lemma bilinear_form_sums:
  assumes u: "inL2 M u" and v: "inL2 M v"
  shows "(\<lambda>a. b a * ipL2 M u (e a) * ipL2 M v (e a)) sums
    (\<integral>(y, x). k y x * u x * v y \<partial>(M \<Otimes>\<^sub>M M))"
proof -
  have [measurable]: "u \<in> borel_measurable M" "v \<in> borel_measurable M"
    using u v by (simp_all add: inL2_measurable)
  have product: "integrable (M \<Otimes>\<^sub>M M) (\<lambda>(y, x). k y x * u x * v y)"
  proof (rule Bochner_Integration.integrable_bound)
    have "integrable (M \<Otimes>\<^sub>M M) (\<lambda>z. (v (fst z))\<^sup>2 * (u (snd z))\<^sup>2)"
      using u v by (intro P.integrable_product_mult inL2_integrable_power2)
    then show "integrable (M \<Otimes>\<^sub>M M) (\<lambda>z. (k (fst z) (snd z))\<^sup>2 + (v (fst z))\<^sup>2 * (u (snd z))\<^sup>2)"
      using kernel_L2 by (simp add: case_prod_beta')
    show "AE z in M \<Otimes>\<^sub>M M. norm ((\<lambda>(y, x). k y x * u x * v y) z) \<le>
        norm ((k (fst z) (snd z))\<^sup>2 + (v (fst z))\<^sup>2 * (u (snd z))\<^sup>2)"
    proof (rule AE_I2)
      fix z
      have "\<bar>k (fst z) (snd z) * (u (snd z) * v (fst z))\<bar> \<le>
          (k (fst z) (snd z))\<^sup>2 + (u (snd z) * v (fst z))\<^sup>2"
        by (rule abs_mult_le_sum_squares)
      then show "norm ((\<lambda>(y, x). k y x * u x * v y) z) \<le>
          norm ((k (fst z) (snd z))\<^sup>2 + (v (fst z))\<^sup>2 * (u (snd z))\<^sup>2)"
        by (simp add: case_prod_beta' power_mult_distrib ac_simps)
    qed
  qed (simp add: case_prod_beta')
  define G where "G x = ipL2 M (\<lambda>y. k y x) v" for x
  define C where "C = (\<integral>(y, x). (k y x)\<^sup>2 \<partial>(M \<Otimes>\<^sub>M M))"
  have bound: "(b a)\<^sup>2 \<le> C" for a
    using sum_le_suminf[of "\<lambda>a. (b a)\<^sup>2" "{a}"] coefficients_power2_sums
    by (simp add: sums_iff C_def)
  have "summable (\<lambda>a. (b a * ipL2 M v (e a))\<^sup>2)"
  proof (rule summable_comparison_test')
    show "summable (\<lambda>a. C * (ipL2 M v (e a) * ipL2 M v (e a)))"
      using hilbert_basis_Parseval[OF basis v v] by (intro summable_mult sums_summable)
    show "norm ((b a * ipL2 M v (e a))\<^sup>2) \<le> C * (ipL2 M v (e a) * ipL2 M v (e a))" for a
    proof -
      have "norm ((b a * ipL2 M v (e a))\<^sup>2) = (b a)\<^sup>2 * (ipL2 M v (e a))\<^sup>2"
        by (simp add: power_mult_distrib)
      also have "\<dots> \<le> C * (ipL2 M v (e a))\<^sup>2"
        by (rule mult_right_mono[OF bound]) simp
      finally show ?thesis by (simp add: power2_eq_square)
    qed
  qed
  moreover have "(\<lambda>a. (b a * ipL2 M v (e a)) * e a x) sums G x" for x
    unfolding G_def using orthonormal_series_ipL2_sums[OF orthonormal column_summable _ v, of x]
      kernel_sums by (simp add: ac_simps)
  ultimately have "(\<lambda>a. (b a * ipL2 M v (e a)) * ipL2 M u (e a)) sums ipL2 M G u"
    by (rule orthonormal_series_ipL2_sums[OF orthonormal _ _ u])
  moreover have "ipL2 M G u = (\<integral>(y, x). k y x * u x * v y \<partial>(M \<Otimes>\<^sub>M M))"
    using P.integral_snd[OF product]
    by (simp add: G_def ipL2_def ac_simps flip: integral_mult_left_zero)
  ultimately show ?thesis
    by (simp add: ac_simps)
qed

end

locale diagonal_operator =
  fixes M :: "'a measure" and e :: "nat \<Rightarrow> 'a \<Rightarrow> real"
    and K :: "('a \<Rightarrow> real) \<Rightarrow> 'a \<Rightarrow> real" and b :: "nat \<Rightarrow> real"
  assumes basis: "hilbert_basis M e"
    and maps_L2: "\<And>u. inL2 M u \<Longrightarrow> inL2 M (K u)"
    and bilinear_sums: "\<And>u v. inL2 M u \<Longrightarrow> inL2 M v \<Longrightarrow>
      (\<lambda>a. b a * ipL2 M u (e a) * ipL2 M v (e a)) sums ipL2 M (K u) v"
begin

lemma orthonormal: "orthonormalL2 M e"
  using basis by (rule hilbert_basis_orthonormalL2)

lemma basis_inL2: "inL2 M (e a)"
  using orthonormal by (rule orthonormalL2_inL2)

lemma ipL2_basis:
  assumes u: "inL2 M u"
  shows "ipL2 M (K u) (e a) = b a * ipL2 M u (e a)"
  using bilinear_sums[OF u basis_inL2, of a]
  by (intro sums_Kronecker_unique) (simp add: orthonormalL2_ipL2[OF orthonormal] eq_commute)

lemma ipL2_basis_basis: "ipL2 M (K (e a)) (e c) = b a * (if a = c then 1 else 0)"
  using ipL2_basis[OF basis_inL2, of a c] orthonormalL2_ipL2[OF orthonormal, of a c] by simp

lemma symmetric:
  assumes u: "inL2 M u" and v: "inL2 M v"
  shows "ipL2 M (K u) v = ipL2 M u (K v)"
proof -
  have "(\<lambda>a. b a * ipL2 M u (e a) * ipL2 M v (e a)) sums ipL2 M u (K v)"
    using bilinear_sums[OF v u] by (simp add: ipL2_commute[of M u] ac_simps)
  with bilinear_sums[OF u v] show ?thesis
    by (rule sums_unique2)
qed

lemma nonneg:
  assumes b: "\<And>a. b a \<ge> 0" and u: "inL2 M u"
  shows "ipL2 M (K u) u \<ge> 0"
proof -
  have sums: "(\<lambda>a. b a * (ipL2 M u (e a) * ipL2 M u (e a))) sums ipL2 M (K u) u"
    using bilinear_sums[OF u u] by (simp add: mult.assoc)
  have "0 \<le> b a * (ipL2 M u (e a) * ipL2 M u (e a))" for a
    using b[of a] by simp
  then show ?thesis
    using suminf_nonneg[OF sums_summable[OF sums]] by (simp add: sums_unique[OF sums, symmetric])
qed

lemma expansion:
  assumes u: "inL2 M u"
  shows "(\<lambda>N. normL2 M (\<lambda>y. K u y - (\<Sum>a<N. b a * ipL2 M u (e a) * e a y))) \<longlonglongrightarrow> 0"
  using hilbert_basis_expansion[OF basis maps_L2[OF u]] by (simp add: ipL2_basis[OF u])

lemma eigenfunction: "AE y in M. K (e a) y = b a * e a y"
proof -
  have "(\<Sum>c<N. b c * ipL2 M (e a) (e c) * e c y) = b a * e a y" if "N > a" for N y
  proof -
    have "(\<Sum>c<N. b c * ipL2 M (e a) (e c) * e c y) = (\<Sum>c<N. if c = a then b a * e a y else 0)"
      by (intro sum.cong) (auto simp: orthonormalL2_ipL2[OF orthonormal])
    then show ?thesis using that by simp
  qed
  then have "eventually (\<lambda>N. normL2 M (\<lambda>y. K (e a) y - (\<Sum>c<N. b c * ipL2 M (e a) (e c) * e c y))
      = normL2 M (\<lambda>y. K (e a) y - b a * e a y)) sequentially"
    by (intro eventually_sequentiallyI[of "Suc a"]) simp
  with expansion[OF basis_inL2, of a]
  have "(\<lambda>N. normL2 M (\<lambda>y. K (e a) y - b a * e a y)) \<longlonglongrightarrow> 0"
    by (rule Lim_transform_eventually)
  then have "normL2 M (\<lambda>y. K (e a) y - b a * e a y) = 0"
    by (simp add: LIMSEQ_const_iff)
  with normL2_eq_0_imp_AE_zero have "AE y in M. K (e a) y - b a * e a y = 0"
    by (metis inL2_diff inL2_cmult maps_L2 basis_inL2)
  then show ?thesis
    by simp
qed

◇ ◇ ◇

Find the line that contains "by (intro sum.cong)" in the listing above. Retype it and every line after it up to the last, exactly, and nothing else.

      by (intro sum.cong) (auto simp: orthonormalL2_ipL2[OF orthonormal])
    then show ?thesis using that by simp
  qed
  then have "eventually (\<lambda>N. normL2 M (\<lambda>y. K (e a) y - (\<Sum>c<N. b c * ipL2 M (e a) (e c) * e c y))
      = normL2 M (\<lambda>y. K (e a) y - b a * e a y)) sequentially"
    by (intro eventually_sequentiallyI[of "Suc a"]) simp
  with expansion[OF basis_inL2, of a]
  have "(\<lambda>N. normL2 M (\<lambda>y. K (e a) y - b a * e a y)) \<longlonglongrightarrow> 0"
    by (rule Lim_transform_eventually)
  then have "normL2 M (\<lambda>y. K (e a) y - b a * e a y) = 0"
    by (simp add: LIMSEQ_const_iff)
  with normL2_eq_0_imp_AE_zero have "AE y in M. K (e a) y - b a * e a y = 0"
    by (metis inL2_diff inL2_cmult maps_L2 basis_inL2)
  then show ?thesis
    by simp
qed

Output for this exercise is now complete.